本紙で何度も報じていたので迂闊(うかつ)だったが、ヤンゴンはもうミャンマーの首都ではない、と反政府デモを伝える記事を読んでいて気付いた。新しい首都ネピドーは、最高権力者のタン・シュエ氏がその座に就いて以来かれこれ15年もかけて造ってきたという。
▼「最大都市」ヤンゴンでさえ電気が通じる時間は1日2時間しかなく、実際のインフレ率は30%を上回る。厳しく抑え込まれた反政府行動が一気に広がったのは燃料価格の引き上げがキッカケだった。それほど困窮する国民に目もくれず首都建設にうつつを抜かすのが軍事政権の正体だ。
▼日本の通信社の契約記者・長井健司さんが、デモを取材中に銃弾を浴び亡くなった。イスラエル占領下のパレスチナで仕事をした経歴から、住民と治安部隊が衝突する中で取材者として身の守り方は十分心得ていただろう。ミャンマー政府の武力行使が長井さんの経験を超えたむちゃくちゃさだったのではないか。
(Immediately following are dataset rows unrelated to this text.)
(* Let $X$ be a bounded degree simplicial complex, and let $X^{\leq 1}$ denote its $1$-skeleton (a bounded degree graph). Then ${}_s\mathrm{TO}^1_X(r)\simeq \mathrm{cw}_{X^{\leq 1}}(r)$.
   Context: A simplicial complex is the topological realisation of an abstract simplicial complex $(S,\mathcal S)$ ($\mathcal S$ a family of finite subsets of $S$ containing singletons, closed under subsets); it is bounded degree if $S$ is countable and $\max_s|\{t\ne s:\{s,t\}\in\mathcal S\}|<\infty$. $|Z|$ is the number of $0$-simplices; closed simplices are sets of points whose support lies in a fixed element of $\mathcal S$; $Z\le X$ means an injection of $0$-simplices sending simplices to simplices (for graphs: $Z$ is isomorphic to a subgraph). For finite $Z$ and continuous $f:Z\to\mathbb R^q$, ${}_s\mathrm{Ov}(f)=\max_{z}|\{\sigma\text{ closed simplex of }Z: z\in f(\sigma)\}|$, ${}_s\mathrm{TO}^q(Z)=\min_f {}_s\mathrm{Ov}(f)$, ${}_s\mathrm{TO}^q_X(r)=\max\{{}_s\mathrm{TO}^q(Z): Z\le X, |Z|\le r\}$. For a finite graph $\Gamma$ with $r$ vertices, the cutwidth $\mathrm{cw}(\Gamma)$ is the minimum over bijections $\sigma:V\Gamma\to\{1,\dots,r\}$ of $\max_i|\{vw\in E\Gamma:\sigma(v)<i\le\sigma(w)\}|$. For a graph $X$, $\mathrm{cw}_X(r)=\max\{\mathrm{cw}(\Gamma):\Gamma\le X, |\Gamma|\le r\}$. $f\lesssim g$ means there is $C$ with $f(r)\le Cg(Cr)+C$ for all $r$; $f\simeq g$ means both directions hold. *)

theory Defs
  imports "HOL-Analysis.Analysis"
begin

definition abs_simplicial_complex :: "'a set \<Rightarrow> 'a set set \<Rightarrow> bool" where
  "abs_simplicial_complex V S \<longleftrightarrow>
     (\<forall>F\<in>S. finite F \<and> F \<subseteq> V) \<and> (\<forall>v\<in>V. {v} \<in> S) \<and> (\<forall>F\<in>S. \<forall>G. G \<subseteq> F \<longrightarrow> G \<in> S)"

definition bounded_degree :: "'a set \<Rightarrow> 'a set set \<Rightarrow> bool" where
  "bounded_degree V S \<longleftrightarrow> countable V \<and>
     (\<exists>d::nat. \<forall>s\<in>V. finite {t. t \<noteq> s \<and> {s, t} \<in> S} \<and> card {t. t \<noteq> s \<and> {s, t} \<in> S} \<le> d)"

definition realisation :: "'a set \<Rightarrow> 'a set set \<Rightarrow> ('a \<Rightarrow> real) set" where
  "realisation V S = {x. (\<forall>v. 0 \<le> x v) \<and> {v. x v \<noteq> 0} \<in> S \<and> (\<Sum>v\<in>{v. x v \<noteq> 0}. x v) = 1}"

definition closed_simplex :: "'a set \<Rightarrow> 'a set set \<Rightarrow> 'a set \<Rightarrow> ('a \<Rightarrow> real) set" where
  "closed_simplex V S F = {x \<in> realisation V S. {v. x v \<noteq> 0} \<subseteq> F}"

definition closed_simplices :: "'a set \<Rightarrow> 'a set set \<Rightarrow> ('a \<Rightarrow> real) set set" where
  "closed_simplices V S = closed_simplex V S ` S"

text \<open>Topology on the realisation (for a finite complex this is the usual topology):
subspace of the product topology.\<close>

definition realisation_top :: "'a set \<Rightarrow> 'a set set \<Rightarrow> ('a \<Rightarrow> real) topology" where
  "realisation_top V S = subtopology (powertop_real UNIV) (realisation V S)"
lemma contains_123_or_3412_if_circ_occurs_1234:
  assumes below: "\<forall>x\<in>set s. x < n" and "circ_occurs [1,2,3,4] (s @ [n])"
  shows "contains_123 s \<or> contains_3412 s"
proof -
  from assms(2) obtain k a b c d where occ: "subseq [a,b,c,d] (rotate k (s @ [n]))"
    and abcd: "a < b" "b < c" "c < d"
    unfolding circ_occurs_1234_iff by blast
  from occ obtain j where "subseq (rotate j [a,b,c,d]) (s @ [n])" by (rule subseq_rotateE)
  then consider "subseq (rotate j [a,b,c,d]) s"
    | w where "rotate j [a,b,c,d] = w @ [n]" "subseq w s"
    unfolding subseq_snoc_iff by blast
  then show ?thesis
  proof cases
    case 1
    have drop_one: "subseq [a,b,c] [a,b,c,d]" "subseq [b,c,d] [b,c,d,a]" "subseq [a,b,c] [d,a,b,c]"
      by (simp_all add: list_emb_Cons)
    from 1 rotate_four_cases[of j a b c d] have
      "subseq [a,b,c,d] s \<or> subseq [b,c,d,a] s \<or> subseq [c,d,a,b] s \<or> subseq [d,a,b,c] s"
      by (elim insertE) auto
    then have "subseq [a,b,c] s \<or> subseq [b,c,d] s \<or> subseq [c,d,a,b] s"
      using drop_one[THEN subseq_order.trans] by blast
    with abcd show ?thesis
      unfolding contains_123_def contains_3412_def by blast
  next
    case (2 w)
    text \<open>The letter \<open>n\<close> exceeds all of \<open>s\<close>, so it is \<open>d\<close>, which ends only the trivial rotation.\<close>
    have "n \<in> set (rotate j [a,b,c,d])"
      by (simp add: 2(1))
    then have "n \<le> d"
      using abcd by auto
    moreover have "d \<notin> set w"
      using below set_mono_subseq[OF 2(2)] \<open>n \<le> d\<close> by fastforce
    ultimately have "w = [a,b,c]"
      using rotate_four_cases[of j a b c d] 2(1) abcd by (auto simp: append_eq_Cons_conv)
    with 2(2) abcd show ?thesis
      unfolding contains_123_def by blast
  qed
qed

lemma circ_occurs_1234_if_contains_123:
  assumes "\<forall>x\<in>set s. x < n" "contains_123 s"
  shows "circ_occurs [1,2,3,4] (s @ [n])"
proof -
  from assms(2) obtain a b c where abc: "subseq [a,b,c] s" "a < b" "b < c"
    unfolding contains_123_def by blast
  then have "c < n"
    using assms(1) by (auto dest: set_mono_subseq)
  moreover have "subseq [a,b,c,n] (rotate 0 (s @ [n]))"
    using list_emb_append_mono[OF abc(1), of "[n]" "[n]"] by simp
  ultimately show ?thesis
    using abc unfolding circ_occurs_1234_iff by blast
qed
theorem mainTheorem11:
  fixes I :: "real set" and U :: "(real^3) set"
    and a zeta V :: "real \<Rightarrow> real" and gs :: "3 metric" and gamma :: real
  defines "g \<equiv> frw_metric a gs"
    and "\<Omega> \<equiv> frw_domain I U"
    and "H \<equiv> hubble a"
    and "u \<equiv> (\<lambda>x k. - grad tcoord x k)"
    and "phi \<equiv> tcoord"
    and "chi \<equiv> box (frw_metric a gs) tcoord"
    and "X \<equiv> (\<lambda>x k l.
            frw_metric a gs x k l * (V (tcoord x) + gamma *
               (\<Sum>p\<in>UNIV. \<Sum>q\<in>UNIV. ginv (frw_metric a gs) x p q
                   * grad (box (frw_metric a gs) tcoord) x p * grad tcoord x q))
          + 2 * zeta (tcoord x) * grad tcoord x k * grad tcoord x l
          - gamma * (grad tcoord x k * grad (box (frw_metric a gs) tcoord) x l
                     + grad (box (frw_metric a gs) tcoord) x k * grad tcoord x l))"
    and "C \<equiv> (\<lambda>x k l.
            2 * (zeta (tcoord x) + 3 * gamma * deriv (hubble a) (tcoord x))
              * (- grad tcoord x k) * (- grad tcoord x l)
          + (1/3) * (2 * zeta (tcoord x) - V (tcoord x) + 3 * gamma * deriv (hubble a) (tcoord x))
              * frw_metric a gs x k l)"
  assumes I: "open I" "is_interval I"
    and a_pos: "\<forall>t\<in>I. a t > 0"
    and a_smooth: "smooth_on_real I a"
    and zeta_smooth: "smooth_on_real I zeta"
    and V_smooth: "smooth_on_real I V"
    and gs: "const_curv_riemannian U gs"
    and divfree: "\<forall>x\<in>\<Omega>. \<forall>l. div2 g X x l = 0"
  shows "(\<forall>x\<in>\<Omega>. \<forall>k l. X x k l =
            2 * (zeta (tcoord x) + 3 * gamma * deriv H (tcoord x)) * u x k * u x l
          + (V (tcoord x) + 3 * gamma * deriv H (tcoord x)) * g x k l)
       \<and> codazzi_on \<Omega> g C
       \<and> (\<forall>x\<in>\<Omega>. \<forall>k l. X x k l = C x k l - g x k l * trace2 g C x)
       \<and> (\<forall>T. (\<forall>x\<in>\<Omega>. \<forall>k l. einstein g x k l = T x k l + X x k l)
              \<longrightarrow> cotton_codazzi_form \<Omega> g T)"
proof -
  interpret frw_spacetime I U a gs using I(1) a_pos a_smooth gs by unfold_locales
  define A where "A t = 2 * (zeta t + 3 * gamma * deriv H t)" for t
  define B where "B t = V t + 3 * gamma * deriv H t" for t
  have X_fluid: "X y = perfect_fluid A B y" if "y \<in> \<Omega>" for y
    using mimetic_stress_perfect_fluid[of y] that
    unfolding X_def A_def[abs_def] B_def[abs_def] H_def \<Omega>_def by (simp add: fun_eq_iff)
  have C_fluid: "C = perfect_fluid A (\<lambda>t. (A t - B t) / 3)"
    unfolding C_def A_def B_def H_def perfect_fluid_def by (simp add: fun_eq_iff field_simps)
  have dA: "(A has_real_derivative 2 * (deriv zeta t + 3 * gamma * deriv (deriv H) t)) (at t)"
    and dB: "(B has_real_derivative deriv V t + 3 * gamma * deriv (deriv H) t) (at t)" if "t \<in> I" for t
  proof -
    have "(zeta has_real_derivative deriv zeta t) (at t)" "(V has_real_derivative deriv V t) (at t)"
      using smooth_on_real_DERIV[OF zeta_smooth I(1) that, of 0]
        smooth_on_real_DERIV[OF V_smooth I(1) that, of 0] by simp_all
    with deriv_hubble_DERIV[OF that, folded H_def]
    show "(A has_real_derivative 2 * (deriv zeta t + 3 * gamma * deriv (deriv H) t)) (at t)"
      and "(B has_real_derivative deriv V t + 3 * gamma * deriv (deriv H) t) (at t)"
      unfolding A_def[abs_def] B_def[abs_def] by (auto intro!: DERIV_cmult DERIV_add)
  qed
  have "div2 g\<^sub>F (perfect_fluid A B) x None = 0" if "x \<in> \<Omega>\<^sub>F" for x
    using divfree that div2_cong_open[OF domain_open, of x "perfect_fluid A B" X] X_fluid
    unfolding g_def \<Omega>_def by auto
  from codazzi_of_divergence_free_perfect_fluid[OF dA dB this]
  have codazzi: "codazzi_on \<Omega> g C"
    unfolding C_fluid g_def \<Omega>_def .
  have trace_reversed: "\<forall>x\<in>\<Omega>. \<forall>k l. X x k l = C x k l - g x k l * trace2 g C x"
    using X_fluid perfect_fluid_trace_reversed[of _ A B] unfolding C_fluid g_def \<Omega>_def by simp
  have "\<forall>x\<in>\<Omega>. \<forall>k l. X x k l = 2 * (zeta (tcoord x) + 3 * gamma * deriv H (tcoord x)) * u x k * u x l
      + (V (tcoord x) + 3 * gamma * deriv H (tcoord x)) * g x k l"
    using X_fluid unfolding perfect_fluid_def A_def B_def u_def g_def by simp
  moreover have "cotton_codazzi_form \<Omega> g T"
    if "\<forall>x\<in>\<Omega>. \<forall>k l. einstein g x k l = T x k l + X x k l" for T
    unfolding cotton_codazzi_form_def using codazzi trace_reversed that by auto
  ultimately show ?thesis using codazzi trace_reversed by blast
qed

end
▼この軍事強権国家にとって日本は主要な経済援助国だ。政府の建物や鉄道駅などの工事が今なお進むネピドーはミャンマー語で「王の都」を意味する。自ら造る街にそういう名をつけ、批判する民主運動家を家に閉じ込め、デモ隊には無差別に銃を放つ。そんな独裁者に、我々は援助を与え続けて良いのだろうか。